Os Estados Unidos avaliam classificar as facções criminosas brasileiras Primeiro Comando da Capital (PCC) e Comando Vermelho (CV) como organizações terroristas internacionais. A medida, que ainda está em discussão dentro do governo americano, pode ter impactos no combate ao crime organizado e também gerar repercussões diplomáticas com o Brasil.
Caso a classificação seja confirmada, as facções passariam a integrar a lista de organizações terroristas estrangeiras dos Estados Unidos. Com isso, autoridades americanas poderiam aplicar sanções mais duras, incluindo o bloqueio de contas, bens e movimentações financeiras ligadas aos grupos em território americano ou em operações que envolvam o sistema financeiro dos EUA.
Outro efeito seria a punição mais rigorosa para pessoas ou empresas que prestarem qualquer tipo de apoio financeiro ou logístico às organizações. Pela legislação americana, colaborar com grupos considerados terroristas é crime federal e pode resultar em prisão e sanções internacionais.
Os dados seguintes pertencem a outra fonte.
lemma spec_norm_le_sqrt_card_rows_inf_norm:
  fixes M :: "real^'n^'m"
  shows "spec_norm M \<le> sqrt (real CARD('m)) * inf_norm M"
proof (rule spec_norm_le)
  fix x :: "real^'n"
  have row: "(\<Sum>j\<in>UNIV. \<bar>M $ i $ j\<bar>) \<le> inf_norm M" for i
    unfolding inf_norm_def by (rule Max_ge) auto
  then have inf_norm_nonneg: "0 \<le> inf_norm M"
    by (meson order_trans sum_nonneg abs_ge_zero)
  have component: "\<bar>(M *v x) $ i\<bar> \<le> inf_norm M * norm x" for i
  proof -
    have "\<bar>(M *v x) $ i\<bar> \<le> (\<Sum>j\<in>UNIV. \<bar>M $ i $ j\<bar> * \<bar>x $ j\<bar>)"
      unfolding matrix_vector_mult_def by (simp add: order_trans[OF sum_abs] abs_mult)
    also have "\<dots> \<le> (\<Sum>j\<in>UNIV. \<bar>M $ i $ j\<bar>) * norm x"
      unfolding sum_distrib_right
      by (intro sum_mono mult_left_mono component_le_norm_cart) auto
    also have "\<dots> \<le> inf_norm M * norm x"
      using row by (simp add: mult_right_mono)
    finally show ?thesis .
  qed
  have "norm (M *v x) ^ 2 = (\<Sum>i\<in>UNIV. ((M *v x) $ i)^2)"
    by (simp add: norm_vec_def L2_set_def sum_nonneg)
  also have "\<dots> \<le> (\<Sum>i\<in>(UNIV::'m set). (inf_norm M * norm x)^2)"
    by (intro sum_mono) (metis component abs_ge_zero power2_abs power_mono)
  also have "\<dots> = (sqrt (real CARD('m)) * inf_norm M * norm x)^2"
    by (simp add: power_mult_distrib)
  finally show "norm (M *v x) \<le> sqrt (real CARD('m)) * inf_norm M * norm x"
    by (rule power2_le_imp_le) (simp add: inf_norm_nonneg)
qed

lemma mat_pow_Suc: "mat_pow A (Suc j) = A ** mat_pow A j"
  by (simp add: mat_pow_def)

lemma mat_pow_similar:
  fixes Q Qi L :: "real^'n^'n"
  assumes "Q ** Qi = mat 1"
  shows "mat_pow (Qi ** L ** Q) (Suc j) = Qi ** mat_pow L (Suc j) ** Q"
proof (induction j)
  case 0
  then show ?case by (simp add: mat_pow_def)
next
  case (Suc j)
  have "mat_pow (Qi ** L ** Q) (Suc (Suc j)) = Qi ** L ** (Q ** Qi) ** mat_pow L (Suc j) ** Q"
    using Suc by (simp add: mat_pow_Suc matrix_mul_assoc)
  then show ?case
    using assms by (simp add: matrix_mul_assoc mat_pow_Suc)
qed

lemma spec_norm_mat_pow_le:
  assumes "spec_norm L \<le> c"
  shows "spec_norm (mat_pow L j) \<le> c ^ j"
proof (induction j)
  case 0
  then show ?case using spec_norm_mat_1_le by (simp add: mat_pow_def)
next
  case (Suc j)
  have "spec_norm (mat_pow L (Suc j)) \<le> spec_norm L * spec_norm (mat_pow L j)"
    unfolding mat_pow_Suc by (rule spec_norm_matrix_mul_le)
  also have "\<dots> \<le> c * c ^ j"
    using assms spec_norm_nonneg[of L] by (intro mult_mono Suc spec_norm_nonneg) auto
  finally show ?case by simp
qed

lemma strongly_stable_spec_norm_mat_pow_le:
  fixes A :: "real^'n^'n" and B :: "real^'m^'n" and K :: "real^'n^'m"
  assumes "\<kappa> \<ge> 1" "\<gamma> \<le> 1" "strongly_stable \<kappa> \<gamma> A B K"
  shows "spec_norm (mat_pow (A - B ** K) j) \<le> \<kappa>^2 * (1 - \<gamma>)^j"
proof -
  obtain Q L :: "real^'n^'n" where "invertible Q" and similar: "A - B ** K = matrix_inv Q ** L ** Q"
    and "spec_norm L \<le> 1 - \<gamma>" "spec_norm Q \<le> \<kappa>" "spec_norm (matrix_inv Q) \<le> \<kappa>"
    using assms(3) unfolding strongly_stable_def by blast
  show ?thesis
  proof (cases j)
    case 0
    then show ?thesis
      using order_trans[OF spec_norm_mat_1_le one_le_power[OF assms(1)]]
      by (simp add: mat_pow_def)
  next
    case (Suc j')
    have "Q ** matrix_inv Q = mat 1"
      using \<open>invertible Q\<close> unfolding invertible_def matrix_inv_def
      by (rule someI_ex[THEN conjunct1])
    then have "spec_norm (mat_pow (A - B ** K) j) = spec_norm (matrix_inv Q ** mat_pow L j ** Q)"
      unfolding similar Suc by (simp add: mat_pow_similar)
    also have "\<dots> \<le> spec_norm (matrix_inv Q) * spec_norm (mat_pow L j) * spec_norm Q"
      by (rule spec_norm_matrix_mul3_le)
    also have "\<dots> \<le> \<kappa> * (1 - \<gamma>)^j * \<kappa>"
      using assms \<open>spec_norm L \<le> 1 - \<gamma>\<close> \<open>spec_norm Q \<le> \<kappa>\<close> \<open>spec_norm (matrix_inv Q) \<le> \<kappa>\<close>
      by (intro mult_mono spec_norm_mat_pow_le spec_norm_nonneg mult_nonneg_nonneg) auto
    finally show ?thesis by (simp add: power2_eq_square mult_ac)
  qed
qed

lemma in_Mset_spec_norm_le:
  fixes M :: "nat \<Rightarrow> real^'n^'m"
  assumes "in_Mset \<kappa> \<gamma> H M" "i \<in> {1..H}"
  shows "spec_norm (M i) \<le> 2 * sqrt (real CARD('m) * real CARD('n)) * \<kappa>^3 * (1 - \<gamma>)^(i-1)"
proof -
  have "inf_norm (M i) \<le> 2 * sqrt (real CARD('n)) * \<kappa>^3 * (1 - \<gamma>)^(i-1)"
    using assms unfolding in_Mset_def by blast
  then have "spec_norm (M i) \<le> sqrt (real CARD('m)) * (2 * sqrt (real CARD('n)) * \<kappa>^3 * (1 - \<gamma>)^(i-1))"
    using spec_norm_le_sqrt_card_rows_inf_norm[of "M i"]
    by (meson order_trans mult_left_mono real_sqrt_ge_zero of_nat_0_le_iff)
  then show ?thesis by (simp add: real_sqrt_mult mult_ac)
qed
A medida também poderia ampliar a cooperação internacional no combate ao crime organizado. Países aliados dos Estados Unidos poderiam adotar medidas semelhantes, aumentando a pressão contra as redes de tráfico de drogas, armas e lavagem de dinheiro ligadas às facções brasileiras.
Por outro lado, a proposta gera debate diplomático. Autoridades brasileiras argumentam que PCC e Comando Vermelho são organizações criminosas voltadas ao lucro, e não grupos com motivação política ou ideológica — característica geralmente associada ao terrorismo.
Se confirmada, a decisão pode representar uma nova etapa na estratégia internacional de combate às facções brasileiras, que hoje possuem atuação em diversos países da América Latina e também em rotas internacionais do tráfico de drogas.